[Your assignment] A verbatim reproduction of the lines below, from the line containing "concept_le z y \<and>" through the line containing "I ?A') y \<and>", both ends included, is the whole required output.

+++ Source records

text \<open>If every colour \<open>i < k\<close> for \<open>x\<close> failed on some finite \<open>F\<^sub>i\<close>, then a colouring of
  \<open>{x} \<union> \<Union>\<^sub>i F\<^sub>i\<close> agreeing with \<open>G\<close> would contradict the failure for its own colour of \<open>x\<close>.\<close>

lemma finitely_extendable_insert:
  assumes ext: "finitely_extendable k P G" and x: "x \<in> P"
  obtains i where "finitely_extendable k P (insert (x, i) G)"
proof (rule ccontr)
  assume "\<not> thesis"
  have "\<forall>i. \<exists>F. F \<subseteq> P \<and> finite F \<and> \<not> (\<exists>c. chain_colouring k F c \<and> agrees_on (insert (x, i) G) F c)"
  proof
    fix i
    have "\<not> finitely_extendable k P (insert (x, i) G)"
      using \<open>\<not> thesis\<close> that by (rule contrapos_nn)
    then show "\<exists>F. F \<subseteq> P \<and> finite F \<and> \<not> (\<exists>c. chain_colouring k F c \<and> agrees_on (insert (x, i) G) F c)"
      unfolding finitely_extendable_def by (simp only: not_all not_imp)
  qed
  then obtain Fs where "\<forall>i. Fs i \<subseteq> P \<and> finite (Fs i)
      \<and> \<not> (\<exists>c. chain_colouring k (Fs i) c \<and> agrees_on (insert (x, i) G) (Fs i) c)"
    by (rule choice[THEN exE])
  then have Fs: "Fs i \<subseteq> P" "finite (Fs i)"
    and bad: "\<not> (\<exists>c. chain_colouring k (Fs i) c \<and> agrees_on (insert (x, i) G) (Fs i) c)"
    for i by blast+
  define F where "F = insert x (\<Union>i<k. Fs i)"
  have "F \<subseteq> P" "finite F"
    unfolding F_def using Fs x by auto
  then obtain c where c: "chain_colouring k F c" and agree: "agrees_on G F c"
    using finitely_extendableD[OF ext] by metis
  then have "c x < k"
    unfolding chain_colouring_def F_def by simp
  then have sub: "Fs (c x) \<subseteq> F"
    unfolding F_def by auto
  have "agrees_on (insert (x, c x) G) (Fs (c x)) c"
    using agree sub unfolding agrees_on_def by auto
  then show False
    using bad[of "c x"] chain_colouring_subset[OF c sub] by blast
qed

lemma chain_colouring_if_finitely_extendable_total:
  assumes ext: "finitely_extendable k P G" and total: "\<And>x. x \<in> P \<Longrightarrow> \<exists>i. (x, i) \<in> G"
  shows "chain_colouring k P (\<lambda>x. SOME i. (x, i) \<in> G)"
  unfolding chain_colouring_def
proof (intro conjI ballI impI)
  have col: "(x, SOME i. (x, i) \<in> G) \<in> G" if "x \<in> P" for x
    using total[OF that] by (rule someI_ex)
  fix x assume x: "x \<in> P"
  show "(SOME i. (x, i) \<in> G) < k"
    using finitely_extendable_colour_bound[OF ext col[OF x] x] .
  fix y assume y: "y \<in> P" and eq: "(SOME i. (x, i) \<in> G) = (SOME i. (y, i) \<in> G)"
  obtain c where "chain_colouring k {x, y} c" "agrees_on G {x, y} c"
    using finitely_extendableD[OF ext, of "{x, y}"] x y by blast
  moreover have "c x = c y"
    using calculation(2) col[OF x] col[OF y] eq unfolding agrees_on_def by simp
  ultimately show "x \<le> y \<or> y \<le> x"
    unfolding chain_colouring_def by simp
qed

theorem dilworth:
  fixes P :: "'a::order set"
  assumes "width_le k P"
  shows "\<exists>c. chain_colouring k P c"
proof -
  have "\<exists>M\<in>Collect (finitely_extendable k P). \<forall>G\<in>Collect (finitely_extendable k P). M \<subseteq> G \<longrightarrow> G = M"
  proof (rule Zorn_Lemma, intro ballI)
    fix C assume "C \<in> chains (Collect (finitely_extendable k P))"
    then have chain: "subset.chain (Collect (finitely_extendable k P)) C"
      by (simp add: chains_alt_def)
    show "\<Union>C \<in> Collect (finitely_extendable k P)"
    proof (cases "C = {}")
      case True
      then show ?thesis
        using finitely_extendable_empty[OF assms] by simp
    next
      case False
      have "finitely_extendable k P G" if "G \<in> C" for G
        using chain that by (auto simp: subset_chain_def)
      then show ?thesis
        using finitely_extendable_Union_chain[OF False chain] by blast
    qed
  qed
  then obtain M where M: "finitely_extendable k P M"
    and max: "\<And>G. finitely_extendable k P G \<Longrightarrow> M \<subseteq> G \<Longrightarrow> G = M"
    by blast
  have "\<exists>i. (x, i) \<in> M" if x: "x \<in> P" for x
  proof -
    obtain i where "finitely_extendable k P (insert (x, i) M)"
      using finitely_extendable_insert[OF M x] .
    then have "insert (x, i) M = M"
      using max by blast
    then show ?thesis by blast
  qed
  then show ?thesis
    using chain_colouring_if_finitely_extendable_total[OF M] by blast
qed

lemma chain_cover_if_chain_colouring:
  fixes P :: "'a::order set"
  assumes "chain_colouring k P c"
  shows "\<exists>R::'a set. finite R \<and> card R \<le> k \<and> chain_cover P R"
proof -
  define R where "R = inv_into P c ` c ` P"
  have colours: "c ` P \<subseteq> {..<k}"
    using assms unfolding chain_colouring_def by auto
  then have "finite (c ` P)"
    by (rule finite_subset) simp
  moreover have "card (c ` P) \<le> k"
    using card_mono[OF _ colours] by simp
  ultimately have "finite R" "card R \<le> k"
    unfolding R_def using card_image_le[of "c ` P" "inv_into P c"] by simp_all
  moreover have "chain_cover P R"
    unfolding chain_cover_def
  proof (intro exI[of _ "\<lambda>r. {x \<in> P. c x = c r}"] conjI ballI)
    fix r
    show "{x \<in> P. c x = c r} \<subseteq> P" by blast
    show "Complete_Partial_Order.chain (\<le>) {x \<in> P. c x = c r}"
    proof (rule chainI)
      fix x y assume "x \<in> {x \<in> P. c x = c r}" "y \<in> {x \<in> P. c x = c r}"
      then have "x \<in> P" "y \<in> P" "c x = c y"
        by auto
      then show "x \<le> y \<or> y \<le> x"
        using assms unfolding chain_colouring_def by blast
    qed
  next
    show "P = (\<Union>r\<in>R. {x \<in> P. c x = c r})"
    proof
      show "P \<subseteq> (\<Union>r\<in>R. {x \<in> P. c x = c r})"
      proof
        fix x assume "x \<in> P"
        then have "c x \<in> c ` P"
          by (rule imageI)
        then have "inv_into P c (c x) \<in> R" and "c (inv_into P c (c x)) = c x"
          unfolding R_def by (rule imageI, rule f_inv_into_f)
        with \<open>x \<in> P\<close> show "x \<in> (\<Union>r\<in>R. {x \<in> P. c x = c r})"
          by (intro UN_I[of "inv_into P c (c x)"]) auto
      qed
    qed blast
  qed
  ultimately show ?thesis by blast
qed

section \<open>Chain covering number and complete join-dimension\<close>

lemma ex_card_of_minimal:
  fixes Q :: "'i set \<Rightarrow> bool"
  assumes "Q I\<^sub>0"
  obtains I where "Q I" "\<And>J. Q J \<Longrightarrow> (card_of I, card_of J) \<in> ordLeq"
proof -
  let ?R = "card_of ` Collect Q"
  have "?R \<noteq> {}"
    using assms by blast
  moreover have "\<forall>r\<in>?R. Well_order r"
    by (simp add: card_of_Well_order)
  ultimately obtain I where "Q I" "\<forall>r'\<in>?R. (card_of I, r') \<in> ordLeq"
    using exists_minim_Well_order[of ?R] by auto
  then show thesis
    using that by simp
qed

lemma ordLeq_finite_card_le:
  assumes "(card_of A, card_of B) \<in> ordLeq" and "finite B"
  shows "finite A" and "card A \<le> card B"
proof -
  show "finite A"
    using card_of_ordLeq_finite[OF assms] .
  obtain f where "inj_on f A" "f ` A \<subseteq> B"
    using assms(1) unfolding card_of_ordLeq[symmetric] by blast
  then show "card A \<le> card B"
    using card_inj_on_le assms(2) by blast
qed

lemma ordIso_finite_card_eq:
  assumes "(card_of A, card_of B) \<in> ordIso"
  shows "finite A \<longleftrightarrow> finite B" and "card A = card B"
proof -
  obtain f where "bij_betw f A B"
    using assms unfolding card_of_ordIso[symmetric] by blast
  then show "finite A \<longleftrightarrow> finite B" "card A = card B"
    by (simp_all add: bij_betw_finite bij_betw_same_card)
qed

lemma chain_cover_singletons: "chain_cover P P"
  unfolding chain_cover_def
  by (intro exI[of _ "\<lambda>x. {x}"]) (auto intro: chainI)
section \<open>Bounded operators and adjoints\<close>

lemma bounded_op_iff:
  "bounded_op T \<longleftrightarrow> bounded_linear T \<and> (\<forall>c x. T (scaleC c x) = scaleC c (T x))"
proof
  assume T: "bounded_op T"
  then obtain K where "\<And>x. norm (T x) \<le> norm x * K" by (auto simp: bounded_op_def)
  then have "bounded_linear T"
    using T by (intro bounded_linear_intro[where K = K]) (auto simp: bounded_op_def scaleR_scaleC)
  then show "bounded_linear T \<and> (\<forall>c x. T (scaleC c x) = scaleC c (T x))"
    using T by (simp add: bounded_op_def)
next
  assume "bounded_linear T \<and> (\<forall>c x. T (scaleC c x) = scaleC c (T x))"
  then show "bounded_op T"
    by (auto simp: bounded_op_def linear_add bounded_linear.linear dest: bounded_linear.bounded)
qed

lemma bounded_op_linear: "bounded_op T \<Longrightarrow> bounded_linear T"
  by (simp add: bounded_op_iff)

lemma bounded_op_add: "bounded_op T \<Longrightarrow> T (x + y) = T x + T y"
  by (simp add: bounded_op_def)

lemma bounded_op_scaleC: "bounded_op T \<Longrightarrow> T (scaleC c x) = scaleC c (T x)"
  by (simp add: bounded_op_def)

lemma bounded_op_scaleR: "bounded_op T \<Longrightarrow> T (scaleR r x) = scaleR r (T x)"
  by (simp add: bounded_op_def scaleR_scaleC)

lemma bounded_op_diff: "bounded_op T \<Longrightarrow> T (x - y) = T x - T y"
  by (metis bounded_op_linear bounded_linear.linear linear_diff)

lemma bounded_op_comp: "bounded_op T \<Longrightarrow> bounded_op U \<Longrightarrow> bounded_op (\<lambda>x. T (U x))"
  by (simp add: bounded_op_iff bounded_linear_compose)

lemma bounded_op_funpow: "bounded_op T \<Longrightarrow> bounded_op (T ^^ k)"
proof (induction k)
  case 0 then show ?case by (simp add: bounded_op_iff id_def)
next
  case (Suc k) then show ?case using bounded_op_comp[of T "T ^^ k"] by (simp add: o_def)
qed

lemma bounded_linear_zero_on_closure:
  assumes W: "bounded_linear W" and zero: "\<And>x. x \<in> M \<Longrightarrow> W x = 0" and x: "x \<in> closure M"
  shows "W x = 0"
proof -
  have "closure M \<subseteq> {x. W x = 0}"
    using zero by (intro closure_minimal closed_Collect_eq[OF linear_continuous_on[OF W] continuous_on_const]) auto
  then show ?thesis using x by blast
qed
lemma quasi_dismantling_self_iff:
  assumes "s \<in> L"
  shows "quasi_dismantling L le s s \<longleftrightarrow>
    doubly_irreducible L le s \<or> (is_top L le s \<and> sup_irreducible L le s)
    \<or> (is_bot L le s \<and> inf_irreducible L le s) \<or> (is_top L le s \<and> is_bot L le s)"
  unfolding quasi_dismantling_def doubly_irreducible_def
    sup_prime_self_iff[OF assms] inf_prime_self_iff[OF assms]
  by blast

end

lemma concept_of_attributes:
  assumes "B \<subseteq> M"
  shows "(extent_of G M I B, intent_of G M I (extent_of G M I B)) \<in> concepts G M I"
  using assms unfolding concepts_def intent_of_def extent_of_def by blast

lemma extent_of_antimono: "B \<subseteq> B' \<Longrightarrow> extent_of G M I B' \<subseteq> extent_of G M I B"
  unfolding extent_of_def by blast

lemma intent_of_antimono: "A \<subseteq> A' \<Longrightarrow> intent_of G M I A' \<subseteq> intent_of G M I A"
  unfolding intent_of_def by blast

lemma extent_of_Un: "extent_of G M I (B \<union> B') = extent_of G M I B \<inter> extent_of G M I B'"
  unfolding extent_of_def by blast

lemma finite_lattice_on_concepts:
  assumes "finite G" "finite M"
  shows "finite_lattice_on (concepts G M I) concept_le"
proof
  show "finite (concepts G M I)"
    by (rule finite_subset[of _ "Pow G \<times> Pow M"]) (auto simp: concepts_def assms)
next
  fix x y
  assume x: "x \<in> concepts G M I" and y: "y \<in> concepts G M I"
  obtain A1 B1 A2 B2 where xy: "x = (A1, B1)" "y = (A2, B2)"
    by fastforce
  then have M: "B1 \<subseteq> M" "B2 \<subseteq> M"
    and A: "A1 = extent_of G M I B1" "A2 = extent_of G M I B2"
    and B: "B1 = intent_of G M I A1" "B2 = intent_of G M I A2"
    using x y by (auto simp: concepts_def)
  show "concept_le x y \<Longrightarrow> concept_le y x \<Longrightarrow> x = y"
    using xy B by (simp add: concept_le_def)
  let ?A = "extent_of G M I (B1 \<inter> B2)"
  show "\<exists>z\<in>concepts G M I. concept_le x z \<and> concept_le y z \<and>
      (\<forall>w\<in>concepts G M I. concept_le x w \<and> concept_le y w \<longrightarrow> concept_le z w)"
  proof (intro bexI conjI ballI impI)
    show "(?A, intent_of G M I ?A) \<in> concepts G M I"
      using M by (intro concept_of_attributes) blast
    have "A1 \<subseteq> ?A" "A2 \<subseteq> ?A"
      unfolding A by (rule extent_of_antimono; blast)+
    then show "concept_le x (?A, intent_of G M I ?A)" "concept_le y (?A, intent_of G M I ?A)"
      using xy by (auto simp: concept_le_def)
    fix w
    assume w: "w \<in> concepts G M I" "concept_le x w \<and> concept_le y w"
    obtain A B where wAB: "w = (A, B)"
      by fastforce
    then have AB: "A1 \<subseteq> A" "A2 \<subseteq> A" "B = intent_of G M I A" "A = extent_of G M I B"
      using w xy by (auto simp: concepts_def concept_le_def)
    have "B \<subseteq> B1 \<inter> B2"
      unfolding B AB(3) using AB(1,2) by (intro Int_greatest intent_of_antimono)
    then have "?A \<subseteq> A"
      unfolding AB(4) by (rule extent_of_antimono)
    then show "concept_le (?A, intent_of G M I ?A) w"
      using wAB by (simp add: concept_le_def)
  qed
  let ?A' = "extent_of G M I (B1 \<union> B2)"
  show "\<exists>z\<in>concepts G M I. concept_le z x \<and> concept_le z y \<and>
      (\<forall>w\<in>concepts G M I. concept_le w x \<and> concept_le w y \<longrightarrow> concept_le w z)"
  proof (rule bexI)
    show "(?A', intent_of G M I ?A') \<in> concepts G M I"
      using M by (intro concept_of_attributes) blast
    show "concept_le (?A', intent_of G M I ?A') x \<and> concept_le (?A', intent_of G M I ?A') y \<and>
      (\<forall>w\<in>concepts G M I. concept_le w x \<and> concept_le w y \<longrightarrow> concept_le w (?A', intent_of G M I ?A'))"
      using xy A by (auto simp: concept_le_def extent_of_Un)
  qed
qed (auto simp: concept_le_def)

theorem proposition3:
  fixes G :: "'g set" and M :: "'m set" and I :: "('g \<times> 'm) set"
    and u v s :: "'g set \<times> 'm set"
  assumes "finite G" and "finite M" and "I \<subseteq> G \<times> M"
    and "u \<in> concepts G M I" and "v \<in> concepts G M I" and "concept_le u v"
    and "interval (concepts G M I) concept_le u v = {s}"
  shows "quasi_dismantling (concepts G M I) concept_le u v \<longleftrightarrow>
           (doubly_irreducible (concepts G M I) concept_le s
            \<or> (is_top (concepts G M I) concept_le s \<and> sup_irreducible (concepts G M I) concept_le s)
            \<or> (is_bot (concepts G M I) concept_le s \<and> inf_irreducible (concepts G M I) concept_le s)
            \<or> (is_top (concepts G M I) concept_le s \<and> is_bot (concepts G M I) concept_le s))"
proof -
  interpret finite_lattice_on "concepts G M I" concept_le
    using finite_lattice_on_concepts[OF assms(1,2)] .
  have "u \<in> interval (concepts G M I) concept_le u v" "v \<in> interval (concepts G M I) concept_le u v"
    using assms(4-6) refl unfolding interval_def by auto
  then have "u = s" "v = s"
    using assms(7) by auto
  with assms(4) show ?thesis
    using quasi_dismantling_self_iff by simp
qed

end
lemma pd_prefix_vf_above:
  assumes "k \<in> {1..n}" "j \<in> {1..n}" "k < j" "vanishes_below k x"
  shows "pd j (prefix_vf k l) x = 0"
proof (cases "l \<in> {1..n} \<and> hprec r br k l")
  case True
  then obtain zs where l: "l \<in> {1..n}" "str l = str k @ zs"
    unfolding hprec_def by blast
  show ?thesis
  proof (cases zs)
    case Nil
    then show ?thesis
      using pd_prefix_vf[OF assms(2) l] by simp
  next
    case (Cons z zs')
    then have "z < k"
      using prefix_next_letter[OF assms(1)] l by auto
    then show ?thesis
      using pd_prefix_vf_eq_0_if_low_letter[OF assms(2) l, of z k] assms Cons by simp
  qed
qed (simp add: pd_prefix_vf_eq_0)

lemma pd_prefix_vf_strip_letter:
  assumes "b \<in> {1..n}" "l \<in> {1..n}" "str l = str a @ b # Q"
  shows "pd b (prefix_vf a l) x = - signed_inv_fact n (count_list Q) * monomial n (count_list Q) x"
proof -
  have count: "count_list (b # Q) = (count_list Q)(b := Suc (count_list Q b))"
    by (simp add: fun_eq_iff)
  have "pd b (prefix_vf a l) x = of_nat (Suc (count_list Q b))
      * signed_inv_fact n ((count_list Q)(b := Suc (count_list Q b))) * monomial n (count_list Q) x"
    using pd_prefix_vf[OF assms] unfolding count by simp
  also have "\<dots> = - signed_inv_fact n (count_list Q) * monomial n (count_list Q) x"
    unfolding signed_inv_fact_Suc[OF assms(1)] by simp
  finally show ?thesis .
qed
text \<open>Along each of the \<open>2N\<close> diagonals of an \<open>N \<times> N\<close> grid the cells form a monotone staircase,
  so the increments of \<open>g\<close> inside these cells add up to at most \<open>K\<close>.\<close>
lemma chain_variation_le_grid_sum:
  fixes X Y :: "nat \<Rightarrow> real" and m :: "nat \<Rightarrow> nat \<Rightarrow> real \<times> real"
  assumes bv: "chain_variation_le g R K"
    and nodes: "\<And>i j. i \<le> N \<Longrightarrow> j \<le> N \<Longrightarrow> (X i, Y j) \<in> R"
    and m: "\<And>i j. i < N \<Longrightarrow> j < N \<Longrightarrow> m i j \<in> R \<and> X i \<le> fst (m i j) \<and> fst (m i j) \<le> X (Suc i)
      \<and> Y j \<le> snd (m i j) \<and> snd (m i j) \<le> Y (Suc j)"
  shows "(\<Sum>i<N. \<Sum>j<N. \<bar>g (m i j) - g (X i, Y j)\<bar>) \<le> 2 * N * K"
proof (rule sum_square_le_sum_diagonals)
  fix r assume r: "r < 2 * N"
  define lo where "lo = N - r"
  define hi where "hi = min N (2 * N - r)"
  have "{i\<in>{..<N}. N \<le> i + r \<and> i + r < 2 * N} = {lo..<hi}"
    by (auto simp: lo_def hi_def)
  then have "(\<Sum>i<N. (if N \<le> i + r \<and> i + r < 2 * N then \<bar>g (m i (i + r - N)) - g (X i, Y (i + r - N))\<bar> else 0))
      = (\<Sum>i\<in>{lo..<hi}. \<bar>g (m i (i + r - N)) - g (X i, Y (i + r - N))\<bar>)"
    by (simp add: sum.inter_filter[symmetric])
  also have "\<dots> \<le> K"
  proof (rule chain_variation_le_staircase_sum[OF bv])
    show "lo \<le> hi" using r by (simp add: lo_def hi_def)
  next
    fix i assume "lo \<le> i" "i \<le> hi"
    then show "(X i, Y (i + r - N)) \<in> R" using r by (intro nodes) (auto simp: lo_def hi_def)
  next
    fix i assume "lo \<le> i" "i < hi"
    then have ij: "i < N" "i + r - N < N" "Suc i + r - N = Suc (i + r - N)"
      using r by (auto simp: lo_def hi_def)
    show "m i (i + r - N) \<in> R" using m[OF ij(1,2)] by blast
    show "fst (X i, Y (i + r - N)) \<le> fst (m i (i + r - N)) \<and> snd (X i, Y (i + r - N)) \<le> snd (m i (i + r - N))"
      using m[OF ij(1,2)] by simp
    show "fst (m i (i + r - N)) \<le> fst (X (Suc i), Y (Suc i + r - N))
        \<and> snd (m i (i + r - N)) \<le> snd (X (Suc i), Y (Suc i + r - N))"
      using m[OF ij(1,2)] unfolding ij(3) by simp
  qed
  finally show "(\<Sum>i<N. (if N \<le> i + r \<and> i + r < 2 * N then \<bar>g (m i (i + r - N)) - g (X i, Y (i + r - N))\<bar> else 0))
      \<le> K" .
qed simp

section \<open>Graphs of continuous functions of bounded variation\<close>

definition grid_node :: "real \<Rightarrow> real \<Rightarrow> nat \<Rightarrow> nat \<Rightarrow> real" where
  "grid_node p q N i = p + real i * ((q - p) / N)"

lemma grid_node_Suc: "grid_node p q N (Suc i) = grid_node p q N i + (q - p) / N"
  by (simp add: grid_node_def distrib_right add_divide_distrib)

++++++

[Answer section]
  show "\<exists>z\<in>concepts G M I. concept_le z x \<and> concept_le z y \<and>
      (\<forall>w\<in>concepts G M I. concept_le w x \<and> concept_le w y \<longrightarrow> concept_le w z)"
  proof (rule bexI)
    show "(?A', intent_of G M I ?A') \<in> concepts G M I"
      using M by (intro concept_of_attributes) blast
    show "concept_le (?A', intent_of G M I ?A') x \<and> concept_le (?A', intent_of G M I ?A') y \<and>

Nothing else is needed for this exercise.